Somewhere along the way we picked up a couple of women, or the women picked us up—I'm not sure which. They were both native West Indians. One—big, bawdy, skin the color of melted licorice—knew Bone and latched on to him. I can't remember her name. The other one, Pearl, was younger, slimmer, lighter skinned, shy until she took in enough rum to loosen her inhibitions. She was a singer, or wanted to be a singer, and in one of the clubs she joined a loud steel band and sang an old Calypso song called "Don't Stop the Carnival" in a husky Antilles patois.
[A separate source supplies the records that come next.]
lemma ftilde_term_phi:
  assumes a: "a \<in> tpoints" and f: "f \<in> tpolys" and J: "J \<in> tsupp f"
  shows "smul (ftilde f i J) (smon (phi a) J)
       = (if J = i then sneg (semb (mono_val f J a)) else semb (mono_val f J a))"
proof -
  define e where "e = (\<Sum>i\<in>UNIV. if J i = 0 then 0 else ereal (real (J i)) * a i)"
  have "e \<noteq> \<infinity>" using a exponent_sum_neq_PInf unfolding e_def tpoints_def by blast
  moreover have "f J \<noteq> \<infinity>" using f unfolding tpolys_def by simp
  moreover have "smon (phi a) J = semb e" unfolding e_def using a by (rule smon_phi)
  moreover have "mono_val f J a = f J + e" unfolding mono_val_def e_def ..
  ultimately have "smul (semb (f J)) (smon (phi a) J) = semb (mono_val f J a)"
    by (simp add: smul_semb)
  then show ?thesis unfolding ftilde_eq[OF f J] by (auto simp: smul_sneg_left)
qed

lemma seval_ftilde_phi:
  assumes "a \<in> tpoints" "f \<in> tpolys"
  shows "seval (ftilde f i) (phi a) = hsum ((\<lambda>J. if J = i then sneg (semb (mono_val f J a))
                                                else semb (mono_val f J a)) ` tsupp f)"
proof -
  have "ssupp (ftilde f i) = tsupp f"
    unfolding ssupp_def tsupp_def ftilde_def by auto
  moreover have "finite (tsupp f)" using assms(2) unfolding tpolys_def by simp
  ultimately show ?thesis
    using ftilde_term_phi[OF assms] by (simp add: seval_eq_hsum cong: image_cong)
qed

section \<open>Tropical hypersurfaces as hyperfield varieties\<close>

lemma SZero_in_hsum_one_negated:
  assumes "finite S" "i \<in> S" and m: "\<forall>J\<in>S. m J \<noteq> \<infinity>"
  shows "SZero \<in> hsum ((\<lambda>J. if J = i then sneg (semb (m J)) else semb (m J)) ` S) \<longleftrightarrow>
    (\<forall>J\<in>S. m J = -\<infinity>) \<or> (\<exists>J\<in>S. J \<noteq> i \<and> m J = m i \<and> (\<forall>K\<in>S. m K \<le> m i))"
    (is "_ \<longleftrightarrow> ?vanish \<or> ?tie_at_i")
proof -
  define t where "t J = (if J = i then sneg (semb (m J)) else semb (m J))" for J
  have abs_t: "sabs (t J) = m J" if "J \<in> S" for J
    using m[rule_format, OF that] by (auto simp: t_def sabs_semb)
  have "SZero \<in> hsum (t ` S) \<longleftrightarrow>
      ?vanish \<or> (\<exists>I\<in>S. \<exists>J\<in>S. t I \<noteq> t J \<and> m I = m J \<and> (\<forall>K\<in>S. m K \<le> m I))"
    (is "_ \<longleftrightarrow> _ \<or> ?tie")
    unfolding SZero_in_hsum_iff[OF finite_imageI[OF assms(1)]] using abs_t
    by (auto simp flip: sabs_eq_MInf_iff)
  moreover have "?vanish \<or> ?tie_at_i" if ?tie
  proof -
    from that obtain I J where IJ: "I \<in> S" "J \<in> S" "t I \<noteq> t J" "m I = m J"
      and max: "\<forall>K\<in>S. m K \<le> m I" by blast
    show ?thesis
    proof (cases "m I = -\<infinity>")
      case True
      then show ?thesis using max by auto
    next
      case False
      have "t I = t J" if "(I = i) = (J = i)"
        using that IJ(4) by (cases "I = i") (auto simp: t_def)
      then have "I = i \<and> J \<noteq> i \<or> J = i \<and> I \<noteq> i" using IJ(3) by blast
      then show ?thesis using IJ max by auto
    qed
  qed
  moreover have "?vanish \<or> ?tie" if ?tie_at_i
  proof -
    from that obtain J where J: "J \<in> S" "J \<noteq> i" "m J = m i" and max: "\<forall>K\<in>S. m K \<le> m i"
      by blast
    show ?thesis
    proof (cases "m i = -\<infinity>")
      case True
      then show ?thesis using max by auto
    next
      case False
      then have "t i \<noteq> t J" using J m assms(2) by (simp add: t_def sneg_semb_neq_semb)
      then have ?tie using J max assms(2) by (metis (no_types, lifting))
      then show ?thesis ..
    qed
  qed
  ultimately show ?thesis unfolding t_def by blast
qed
At some point after midnight we all piled into the Mini, four sardines in a can, and drove down to the Sub Base harbor marina so I could show off Windrunner. We partied on board, Pearl singing another song, to radio accompaniment this time, Bone and his woman joining in—the first time I'd heard Bone sing. He didn't have much of a voice, but he made up for it with energy and a high-stepping island dance. They got me up and dancing, something I would not have done if I'd been sober. The rum went down like water, very fast, and time got lost in a heady, rollicking swirl. We were all pretty drunk by then.
I don't remember Bone and the big woman leaving. The four of us were dancing, laughing, drinking, and the next thing I knew, Pearl and I were alone on deck, snuggled together in the moonlight, and I was shaking the last bottle of Arundel and it was empty. She said, "We doan need any more," and kissed me, and murmured snatches of another song in my ear, something soft and intimate, and kissed me again, and pretty soon we were down in the cabin, naked on my bunk.